Simulation roof rock stratum gyration rupture loading device

Technical Field

The utility model relates to a mining simulation technical field especially relates to a simulation roof rock stratum gyration loading device that breaks.

Background

The main status of coal in the primary energy structure of China will not change in the next 30 years. The coal series geological structure is characterized in that the upper layered rock stratum is approximately fixedly supported at two ends after the coal is mined, and the middle suspended rock beam structure is arranged above the goaf.
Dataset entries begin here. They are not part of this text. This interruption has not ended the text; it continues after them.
lemma tisoI:
  assumes "dom_set X = dom_set Y" "cod_set X = cod_set Y"
    and "\<And>e. e \<in> edges X \<Longrightarrow> g e \<in> edges Y" "\<And>e. e \<in> edges Y \<Longrightarrow> h e \<in> edges X"
    and "\<And>e. e \<in> edges X \<Longrightarrow> h (g e) = e" "\<And>e. e \<in> edges Y \<Longrightarrow> g (h e) = e"
    and "\<And>e. e \<in> edges X \<Longrightarrow> src Y (g e) = src X e" "\<And>e. e \<in> edges X \<Longrightarrow> tgt Y (g e) = tgt X e"
    and "\<And>e. e \<in> edges X \<Longrightarrow> wt Y (g e) = wt X e"
  shows "tiso X Y"
  unfolding tiso_iff_tiso_by tiso_by_def using assms by blast

lemma tiso_imageI:
  assumes "dom_set X = dom_set Y" "cod_set X = cod_set Y"
    and "inj_on m (edges X)" "edges Y = m ` edges X"
    and "\<And>e. e \<in> edges X \<Longrightarrow> src Y (m e) = src X e \<and> tgt Y (m e) = tgt X e \<and> wt Y (m e) = wt X e"
  shows "tiso X Y"
  unfolding tiso_def using assms by (auto simp: bij_betw_def)

lemma tiso_refl: "tiso X X"
  by (rule tisoI[of _ _ id id]) auto

lemma tiso_sym: "tiso X Y \<Longrightarrow> tiso Y X"
  unfolding tiso_iff_tiso_by tiso_by_def by metis

lemma tiso_trans [trans]: assumes "tiso X Y" "tiso Y Z" shows "tiso X Z"
proof -
  obtain g h g' h' where "tiso_by g h X Y" "tiso_by g' h' Y Z"
    using assms tiso_iff_tiso_by by metis
  then have "tiso_by (g' \<circ> g) (h \<circ> h') X Z"
    unfolding tiso_by_def by auto
  then show ?thesis using tiso_iff_tiso_by by blast
qed

lemma tcomp_cong: assumes "tiso X X'" "tiso Y Y'" shows "tiso (tcomp X Y) (tcomp X' Y')"
proof -
  obtain g h g' h' where "tiso_by g h X X'" "tiso_by g' h' Y Y'"
    using assms tiso_iff_tiso_by by metis
  then have "tiso_by (map_prod g g') (map_prod h h') (tcomp X Y) (tcomp X' Y')"
    unfolding tiso_by_def by (auto simp: tcomp_def) metis+
  then show ?thesis using tiso_iff_tiso_by by blast
qed

lemma tsum_cong: assumes "tiso X X'" "tiso Y Y'" shows "tiso (tsum X Y) (tsum X' Y')"
proof -
  obtain g h g' h' where "tiso_by g h X X'" "tiso_by g' h' Y Y'"
    using assms tiso_iff_tiso_by by metis
  then have "tiso_by (map_sum g g') (map_sum h h') (tsum X Y) (tsum X' Y')"
    unfolding tiso_by_def by auto
  then show ?thesis using tiso_iff_tiso_by by blast
qed

lemma thom_tfun: "|A| <o k \<Longrightarrow> |B| <o k \<Longrightarrow> f ` A \<subseteq> B \<Longrightarrow> thom k (tfun A B f) A B"
  by (simp add: thom_def)

lemma tfun_cong: "(\<And>a. a \<in> A \<Longrightarrow> f a = g a) \<Longrightarrow> tiso (tfun A B f) (tfun A B g)"
  by (rule tisoI[of _ _ id id]) auto

lemma tcomp_tfun:
  assumes "f ` A \<subseteq> B" "\<And>a. a \<in> A \<Longrightarrow> g (f a) = h a"
  shows "tiso (tcomp (tfun A B f) (tfun B C g)) (tfun A C h)"
  by (rule tisoI[of _ _ fst "\<lambda>a. (a, f a)"]) (use assms in \<open>auto simp: mem_edges_tcomp\<close>)

lemma tcomp3_tfun:
  assumes "f ` A \<subseteq> B" "g ` B \<subseteq> C" "\<And>a. a \<in> A \<Longrightarrow> h (g (f a)) = l a"
  shows "tiso (tcomp (tcomp (tfun A B f) (tfun B C g)) (tfun C D h)) (tfun A D l)"
proof -
  have "tiso (tcomp (tcomp (tfun A B f) (tfun B C g)) (tfun C D h)) (tcomp (tfun A C (g \<circ> f)) (tfun C D h))"
    using assms(1) by (intro tcomp_cong tcomp_tfun tiso_refl) auto
  also have "tiso \<dots> (tfun A D l)"
    using assms by (intro tcomp_tfun) auto
  finally show ?thesis .
qed

lemma tsum_tfun: "tsum (tfun A B f) (tfun C D g) = tfun (A <+> C) (B <+> D) (map_sum f g)"
  by (simp add: tsum_def tfun_def map_sum.id sum.case_eq_if)

section \<open>The symmetric monoidal structure\<close>

lemma thom_tid: "|S| <o k \<Longrightarrow> thom k (tid S) S S"
  unfolding tid_def by (rule thom_tfun) auto

lemma thom_tcomp:
  assumes inf: "\<not> finite (Field k)" "Card_order k" and X: "thom k X S T" and Y: "thom k Y T U"
  shows "thom k (tcomp X Y) S U"
proof -
  have "edges (tcomp X Y) \<subseteq> edges X \<times> edges Y" by (auto simp: tcomp_def)
  moreover have "|edges X \<times> edges Y| <o k"
    using X Y by (intro card_of_Times_ordLess_infinite_Field[OF inf]) (simp_all add: thom_def)
  ultimately have "|edges (tcomp X Y)| <o k" using card_of_mono1 ordLeq_ordLess_trans by blast
  then show ?thesis using X Y by (auto simp: thom_def tcomp_def)
qed

lemma tcomp_tid_left: assumes "thom k X S T" shows "tiso (tcomp (tid S) X) X"
  by (rule tisoI[of _ _ snd "\<lambda>e. (src X e, e)"])
     (auto simp: tid_def mem_edges_tcomp thomD[OF assms])

lemma tcomp_tid_right: assumes "thom k X S T" shows "tiso (tcomp X (tid T)) X"
  by (rule tisoI[of _ _ fst "\<lambda>e. (e, tgt X e)"])
     (auto simp: tid_def mem_edges_tcomp thomD[OF assms])

lemma tcomp_assoc: "tiso (tcomp (tcomp X Y) Z) (tcomp X (tcomp Y Z))"
  by (rule tisoI[of _ _ "\<lambda>((a, b), c). (a, (b, c))" "\<lambda>(a, (b, c)). ((a, b), c)"])
     (auto simp: tcomp_def mult.assoc)

lemma thom_tsum:
  assumes inf: "\<not> finite (Field k)" "Card_order k" and X: "thom k X S T" and Y: "thom k Y S' T'"
  shows "thom k (tsum X Y) (S <+> S') (T <+> T')"
  using X Y unfolding thom_def by (auto intro: card_of_Plus_ordLess_infinite_Field[OF inf])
Along with the propulsion of a working face, the top plate rock beam is bent and deformed under the action of an upper load, and rotates at supporting points at the peripheral end part, so that a lower coal body is extruded, the rock beam is broken after reaching critical bending deflection, and the formed dynamic load can cause dynamic pressure display of a coal wall or a section coal pillar of the working face, thereby causing underground equipment and casualties of a coal mine. Therefore, the movement characteristics of the roof strata above the goaf are analyzed, the structural states of roof strata rotation deformation and fracture instability are mastered, and the method has important practical significance and social significance for clearing the mining working face and roadway pressure display, determining the roof management and roadway support parameters of the mining working face, guiding the safety production of the mining working face and ensuring the life safety of underground operators.
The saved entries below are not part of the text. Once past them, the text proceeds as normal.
inductive u_eq :: "'r::comm_ring_1 ut \<Rightarrow> 'r ut \<Rightarrow> bool" where
  u_refl: "u_eq a a"
| u_sym: "u_eq a b \<Longrightarrow> u_eq b a"
| u_trans: "u_eq a b \<Longrightarrow> u_eq b c \<Longrightarrow> u_eq a c"
| u_cong_add: "u_eq a a' \<Longrightarrow> u_eq b b' \<Longrightarrow> u_eq (UAdd a b) (UAdd a' b')"
| u_cong_neg: "u_eq a a' \<Longrightarrow> u_eq (UNeg a) (UNeg a')"
| u_cong_mul: "u_eq a a' \<Longrightarrow> u_eq b b' \<Longrightarrow> u_eq (UMul a b) (UMul a' b')"
| u_add_assoc: "u_eq (UAdd (UAdd a b) c) (UAdd a (UAdd b c))"
| u_add_comm: "u_eq (UAdd a b) (UAdd b a)"
| u_add_zero: "u_eq (UAdd a (UR 0)) a"
| u_add_neg: "u_eq (UAdd a (UNeg a)) (UR 0)"
| u_mul_assoc: "u_eq (UMul (UMul a b) c) (UMul a (UMul b c))"
| u_distrib_left: "u_eq (UMul a (UAdd b c)) (UAdd (UMul a b) (UMul a c))"
| u_distrib_right: "u_eq (UMul (UAdd a b) c) (UAdd (UMul a c) (UMul b c))"
| u_one_left: "u_eq (UMul (UR 1) a) a"
| u_one_right: "u_eq (UMul a (UR 1)) a"
| u_R_add: "u_eq (UR (r + s)) (UAdd (UR r) (UR s))"
| u_R_mul: "u_eq (UR (r * s)) (UMul (UR r) (UR s))"
| u_phi_comm: "prime p \<Longrightarrow> prime q \<Longrightarrow> u_eq (UMul (Phi p) (Phi q)) (UMul (Phi q) (Phi p))"
| u_phi_char: "prime p \<Longrightarrow> u_eq (UMul (UR (of_nat p)) (Phi p)) (UR 0)"
| u_phi_frob: "prime p \<Longrightarrow> u_eq (UMul (Phi p) (UR r)) (UMul (UR (r ^ p)) (Phi p))"

section \<open>The tensor product U(0) (x)_R V\<close>

datatype ('r, 'v) tt =
    T "'r ut" 'v
  | TZero
  | TAdd "('r, 'v) tt" "('r, 'v) tt"
  | TNeg "('r, 'v) tt"

fun t_wf :: "('r, 'v) tt \<Rightarrow> bool" where
  "t_wf (T u v) = u_wf u"
| "t_wf TZero = True"
| "t_wf (TAdd a b) = (t_wf a \<and> t_wf b)"
| "t_wf (TNeg a) = t_wf a"

text \<open>Free abelian group on U(0) x V modulo bilinearity and R-balancedness
  (U(0) a right R-module via right multiplication by R).\<close>
inductive t_eq :: "('r::comm_ring_1 \<Rightarrow> 'v::ab_group_add \<Rightarrow> 'v) \<Rightarrow> ('r, 'v) tt \<Rightarrow> ('r, 'v) tt \<Rightarrow> bool"
  for scale where
  t_refl: "t_eq scale a a"
| t_sym: "t_eq scale a b \<Longrightarrow> t_eq scale b a"
| t_trans: "t_eq scale a b \<Longrightarrow> t_eq scale b c \<Longrightarrow> t_eq scale a c"
| t_cong_add: "t_eq scale a a' \<Longrightarrow> t_eq scale b b' \<Longrightarrow> t_eq scale (TAdd a b) (TAdd a' b')"
| t_cong_neg: "t_eq scale a a' \<Longrightarrow> t_eq scale (TNeg a) (TNeg a')"
| t_cong_T: "u_eq u u' \<Longrightarrow> t_eq scale (T u v) (T u' v)"
| t_add_assoc: "t_eq scale (TAdd (TAdd a b) c) (TAdd a (TAdd b c))"
| t_add_comm: "t_eq scale (TAdd a b) (TAdd b a)"
| t_add_zero: "t_eq scale (TAdd a TZero) a"
| t_add_neg: "t_eq scale (TAdd a (TNeg a)) TZero"
| t_bil_left: "t_eq scale (T (UAdd u u') v) (TAdd (T u v) (T u' v))"
| t_bil_right: "t_eq scale (T u (v + w)) (TAdd (T u v) (T u w))"
| t_balanced: "t_eq scale (T (UMul u (UR r)) v) (T u (scale r v))"

fun tact :: "'r ut \<Rightarrow> ('r, 'v) tt \<Rightarrow> ('r, 'v) tt" where
  "tact w (T u v) = T (UMul w u) v"
| "tact w TZero = TZero"
| "tact w (TAdd a b) = TAdd (tact w a) (tact w b)"
| "tact w (TNeg a) = TNeg (tact w a)"

end

theory Submission
  imports Defs "HOL-Number_Theory.Cong" "HOL-Number_Theory.Prime_Powers"
begin

text \<open>
  Both directions are explicit maps.  Forward: a generator v goes to 1 \<otimes> v, products go to 0,
  and gamma_n acts through the element e_n of U(0) with e_1 = 1, e_(p^k) = phi_p^k and e_n = 0 for
  all other n.  That this respects the divided power axioms is a matter of binomial coefficients
  modulo p: p divides (p^k choose i) for 0 < i < p^k, and the coefficient (mn)!/(m! (n!)^m) of
  gamma_m \<circ> gamma_n is congruent to 1 modulo p when n is a power of p.

  Backward: u \<otimes> v goes to u v in A/A^2 with phi_p acting as gamma_p.  Modulo A^2 every gamma_n
  is additive and maps A^2 into A^2, so it acts on A/A^2.  The integers c with c gamma_n(a) in A^2
  form an ideal containing every (n choose i), 0 < i < n.  If n is not a prime power these
  binomials are coprime, so gamma_n(a) lies in A^2.  If n = p^k the ideal contains p^k and, since
  gamma_p(gamma_(p^(k-1))) = C gamma_(p^k) with C = 1 mod p and p gamma_p lies in A^2, also p C;
  hence p gamma_(p^k)(a) lies in A^2, and then gamma_(p^k) = gamma_p \<circ> ... \<circ> gamma_p modulo A^2.
  These are exactly the relations of U(0), and the two maps are mutually inverse.
\<close>

section \<open>Binomial coefficients modulo a prime\<close>

lemma prime_dvd_choose_of_prime_power_dvd:
  assumes p: "prime (p::nat)" and i: "0 < i" "i < p ^ j" and N: "p ^ j dvd N"
  shows "p dvd (N choose i)"
proof (rule ccontr)
  assume np: "\<not> p dvd (N choose i)"
  have "i * (N choose i) = N * ((N - 1) choose (i - 1))"
    using times_binomial_minus1_eq[OF i(1)] .
  hence "p ^ j dvd i * (N choose i)" using N by (metis dvd_mult2)
  moreover have "coprime (p ^ j) (N choose i)"
    using np p by (simp add: prime_imp_coprime)
  ultimately have "p ^ j dvd i" using coprime_dvd_mult_left_iff by blast
  thus False using i by (simp add: nat_dvd_not_less)
qed

lemma prime_dvd_sum_choose:
  assumes p: "prime (p::nat)" and N: "p ^ j dvd M"
  shows "p dvd (\<Sum>i\<in>{1..<p^j}. (M choose i) * f i)"
  by (rule dvd_sum) (use prime_dvd_choose_of_prime_power_dvd[OF p _ _ N] in auto)

lemma choose_mult_prime_power_cong:
  assumes p: "prime (p::nat)"
  shows "[(m * p ^ k) choose (p ^ k) = m] (mod p)"
proof (induction m)
  case 0
  have "0 < p ^ k" using p prime_gt_0_nat by simp
  then show ?case by (simp add: binomial_eq_0 cong_def)
next
  case (Suc m)
  define N where "N = p ^ k"
  have N0: "0 < N" using p prime_gt_0_nat N_def by simp
  define S where "S = (\<Sum>i\<in>{1..<N}. ((m*N) choose i) * (N choose (N - i)))"
  have "(Suc m * N) choose N = (\<Sum>i\<le>N. ((m*N) choose i) * (N choose (N - i)))"
    using vandermonde[of "m*N" N N] by (simp add: add.commute)
  also have "{..N} = insert 0 (insert N {1..<N})" using N0 by auto
  finally have eq: "(Suc m * N) choose N = 1 + ((m*N) choose N) + S"
    using N0 by (simp add: S_def)
  have "p dvd S"
    unfolding S_def N_def by (rule prime_dvd_sum_choose[OF p]) simp
  hence "[S = 0] (mod p)" by (simp add: cong_0_iff)
  moreover have "[(m*N) choose N = m] (mod p)" using Suc N_def by simp
  ultimately have "[1 + ((m*N) choose N) + S = 1 + m + 0] (mod p)"
    by (intro cong_add cong_refl)
  then show ?case using eq N_def by simp
qed

lemma choose_pred_mult_prime_power_cong:
  assumes p: "prime (p::nat)" and k: "1 \<le> k"
  shows "[(k * p ^ j - 1) choose (p ^ j - 1) = 1] (mod p)"
proof -
  define N where "N = p ^ j"
  have N0: "0 < N" using p prime_gt_0_nat N_def by simp
  have kN: "k * N - 1 = (k - 1) * N + (N - 1)"
    using k N0 by (cases k) (auto simp: algebra_simps)
  define S where "S = (\<Sum>i\<in>{1..<N}. (((k - 1) * N) choose i) * ((N - 1) choose (N - 1 - i)))"
  have "(k * N - 1) choose (N - 1) = (\<Sum>i\<le>N - 1. (((k - 1) * N) choose i) * ((N - 1) choose (N - 1 - i)))"
    using vandermonde[of "(k-1)*N" "N - 1" "N - 1"] kN by simp
  also have "{..N - 1} = insert 0 {1..<N}" using N0 by auto
  finally have eq: "(k * N - 1) choose (N - 1) = 1 + S" by (simp add: S_def)
  have "p dvd S"
    unfolding S_def N_def by (rule prime_dvd_sum_choose[OF p]) simp
  then obtain t where "S = p * t" by (auto elim: dvdE)
  moreover have "[1 + p * t = 1] (mod p)"
    unfolding cong_def by (metis mod_mult_self2 mult.commute)
  ultimately show ?thesis using eq N_def by simp
qed

definition gam_comp_coeff :: "nat \<Rightarrow> nat \<Rightarrow> nat" where
  "gam_comp_coeff m n = fact (m * n) div (fact m * fact n ^ m)"

lemma fact_mult_eq_prod_choose:
  assumes n: "1 \<le> n"
  shows "fact (m * n) = (\<Prod>k\<in>{1..m}. ((k * n - 1) choose (n - 1))) * fact m * (fact n ^ m :: nat)"
proof (induction m)
  case 0 then show ?case by simp
next
  case (Suc m)
  define B where "B = (Suc m * n - 1) choose (n - 1)"
  have "n * ((Suc m * n) choose n) = Suc m * n * B"
    using times_binomial_minus1_eq[of n "Suc m * n"] n B_def by simp
  hence "n * ((Suc m * n) choose n) = n * (Suc m * B)" by (simp add: algebra_simps)
  hence choose_eq: "(Suc m * n) choose n = Suc m * B" using n by simp
  have "fact (Suc m * n) = fact n * fact (m * n) * ((Suc m * n) choose n)"
    using binomial_fact_lemma[of n "Suc m * n"] by simp
  also have "\<dots> = fact n * fact (m*n) * (Suc m * B)" by (simp only: choose_eq)
  moreover have "(\<Prod>k\<in>{1..Suc m}. ((k * n - 1) choose (n - 1)))
      = (\<Prod>k\<in>{1..m}. ((k * n - 1) choose (n - 1))) * B"
    by (simp add: prod.nat_ivl_Suc' B_def)
  ultimately show ?case
    unfolding Suc.IH fact_Suc power_Suc of_nat_id by (simp only: ac_simps)
qed

lemma gam_comp_coeff_prime_power_cong:
  assumes p: "prime (p::nat)"
  shows "[gam_comp_coeff m (p ^ j) = 1] (mod p)"
proof -
  have n: "1 \<le> p ^ j" using p prime_gt_0_nat by (simp add: Suc_leI)
  have "gam_comp_coeff m (p ^ j) = (\<Prod>k\<in>{1..m}. ((k * p ^ j - 1) choose (p ^ j - 1)))"
    unfolding gam_comp_coeff_def fact_mult_eq_prod_choose[OF n, of m] by (simp add: mult.assoc)
  also have "[\<dots> = (\<Prod>k\<in>{1..m}. 1)] (mod p)"
    by (rule cong_prod) (use choose_pred_mult_prime_power_cong[OF p] in auto)
  finally show ?thesis by simp
qed

lemma prime_not_dvd_choose_if_not_primepow:
  assumes n: "2 \<le> n" "\<not> primepow n" and p: "prime p" "p dvd n"
  obtains i where "0 < i" "i < n" "\<not> p dvd (n choose i)"
proof -
  define k where "k = multiplicity p n"
  have n0: "n \<noteq> 0" and pu: "\<not> is_unit p" using n p by auto
  obtain m where m: "n = p ^ k * m" "\<not> p dvd m"
    using multiplicity_decompose'[OF n0 pu] unfolding k_def by blast
  have "k > 0" using p n0 by (simp add: k_def prime_multiplicity_gt_zero_iff)
  have "m \<noteq> 1"
  proof
    assume "m = 1"
    with m p \<open>k > 0\<close> have "primepow n" by (auto simp: primepow_def)
    with n show False by simp
  qed
  moreover have "m \<noteq> 0" using m n0 by auto
  moreover have "0 < p ^ k" using p prime_gt_0_nat by simp
  ultimately have "p ^ k < n" using m by (simp add: nat_mult_less_cancel1[of "p ^ k" 1 m, simplified])
  moreover have "\<not> p dvd (n choose p ^ k)"
    using choose_mult_prime_power_cong[OF p(1), of m k] m by (metis cong_dvd_iff mult.commute)
  ultimately show ?thesis using that \<open>0 < p ^ k\<close> by blast
qed

lemma not_primepow_mult_distinct_primes:
  assumes "prime p" "prime q" "p \<noteq> q" "0 < i" "0 < j"
  shows "\<not> primepow (p ^ i * q ^ j)"
proof
  assume "primepow (p ^ i * q ^ j)"
  then obtain r k where r: "prime r" "p ^ i * q ^ j = r ^ k" by (auto simp: primepow_def)
  have "p dvd r" using r prime_dvd_power[OF assms(1)] assms(4) by (metis dvd_mult2 dvd_power)
  moreover have "q dvd r" using r prime_dvd_power[OF assms(2)] assms(5) by (metis dvd_mult dvd_power)
  ultimately show False
    using assms(1-3) r(1) primes_dvd_imp_eq by blast
qed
Chinese patent publication No. CN108398330A discloses a dynamic load stability test system and a test method for a pillar support system, which are mainly used for simulating dynamic load instability and failure of pillar supports in a goaf, but cannot simulate rotation deformation and fracture instability of roof strata above the goaf.

SUMMERY OF THE UTILITY MODEL

An object of the utility model is to provide a simulation roof stratum gyration loading device that breaks realizes the simulation analysis to the collecting space area top roof stratum gyration deformation and the broken unstability condition.
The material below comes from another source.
(* Let $\mathbf x_i$ denote $\mathbf m^t_i+\widehat{\nabla}_{\boldsymbol{\theta}} f_{\mathcal{B}_i}(\boldsymbol{\theta})$ for $i=1,\ldots,n$, and suppose $\mathbb{E}\|\mathrm{CLT}^k_i(\mathbf x_j)-\mathbf x_j\|^2\le\gamma_j\,\mathbb{E}\|\mathbf x_j\|^2$ for all $\mathbf x_i,\mathbf x_j$. Assume that gradients at different workers are positively correlated, i.e., there exists a positive constant $\kappa$ such that $\mathbb{E}[\mathbf x^T_i\mathbf x_j]\ge\kappa \|\mathbf x_i\|\|\mathbf x_j\|$ for all $i,j$, and that $\mathbb{E}\|\mathbf x_i\|^2=\mathbb{E}\|\mathbf x_j\|^2$ for all $i,j$. Then, if $\kappa>\big(n\sum^n_{i=1}\gamma_i-1\big)/\big(n(n-1)\big)$, we have $\gamma=\frac{ n\sum^n_{i=1}\gamma_i}{1+\kappa n(n-1)}<1$ such that $\mathbb{E}\|\mathbf y-\mathrm{CLT}^k_i(\mathbf y)\|^2\le\gamma\,\mathbb{E}\|\mathbf y\|^2$, where $\mathbf y=\frac{1}{n}\sum^n_{i=1}\mathbf x_i$.
   Context: Distributed training with $n\ge 2$ workers minimizes $f(\boldsymbol{\theta})=\frac{1}{n}\sum_{i=1}^n f_i(\boldsymbol{\theta})$, $f_i(\boldsymbol{\theta})=\mathbb{E}_{\xi_i\sim\mathcal{D}}F(\boldsymbol{\theta},\xi_i)$ with identical data distribution $\mathcal{D}$ at all workers. Worker $i$ uses a mini-batch $\mathcal{B}_i$ and stochastic gradient estimate $\widehat{\nabla}_{\boldsymbol{\theta}} f_{\mathcal{B}_i}(\boldsymbol{\theta})=|\mathcal{B}_i|^{-1}\sum_{j\in\mathcal{B}_i}\nabla_{\boldsymbol{\theta}} f_{i,j}(\boldsymbol{\theta})$, and keeps a local memory (gradient residue / error feedback) $\mathbf m^t_i$ at iteration $t$. For a vector $\mathbf x$, $\mathcal{I}^k(\mathbf x)$ denotes the index set of its $k$ largest entries in magnitude. The cyclic local top-$k$ compressor with worker $i$ as leader, $\mathrm{CLT}^k_i:\mathbb{R}^p\to\mathbb{R}^p$, is defined entrywise by $[\mathrm{CLT}^k_i(\mathbf x_j)]_m=(\mathbf x_j)_m$ if $m\in\mathcal{I}^k(\mathbf x_i)$ and $0$ otherwise, i.e., every worker's vector is sparsified using the top-$k$ indices of the leader's vector $\mathbf x_i$; it is linear in its argument for a fixed leader index set (so $\mathrm{CLT}^k_i(\frac1n\sum_j\mathbf x_j)=\frac1n\sum_j\mathrm{CLT}^k_i(\mathbf x_j)$). *)

theory Defs
  imports "HOL-Probability.Probability"
begin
The utility model provides a loading device for simulating top plate rock stratum rotation breakage, which comprises a base, a supporting frame, a fixed plate, a rotating plate and a loading oil cylinder; the base is provided with a support frame, and the upper end of the support frame is provided with a fixed plate; one side of the fixed plate is hinged with one side of the rotating plate; the base is provided with a loading oil cylinder, the loading oil cylinder is located below the rotary plate, a pressure head is arranged on the telescopic end of the loading oil cylinder, and the pressure head contacts with the lower surface of the rotary plate.

Furthermore, a plurality of balancing weights can be detachably arranged on the base.

Further, an assembly space is reserved between the base and the fixing plate, and a balancing weight is arranged in the assembly space.

Further, the upper surface of base is seted up and is established the assembly groove down, and the assembly groove is seted up to the lower surface of fixed plate, assembly groove under the lower extreme embedding of balancing weight, assembly groove on the upper end embedding of balancing weight.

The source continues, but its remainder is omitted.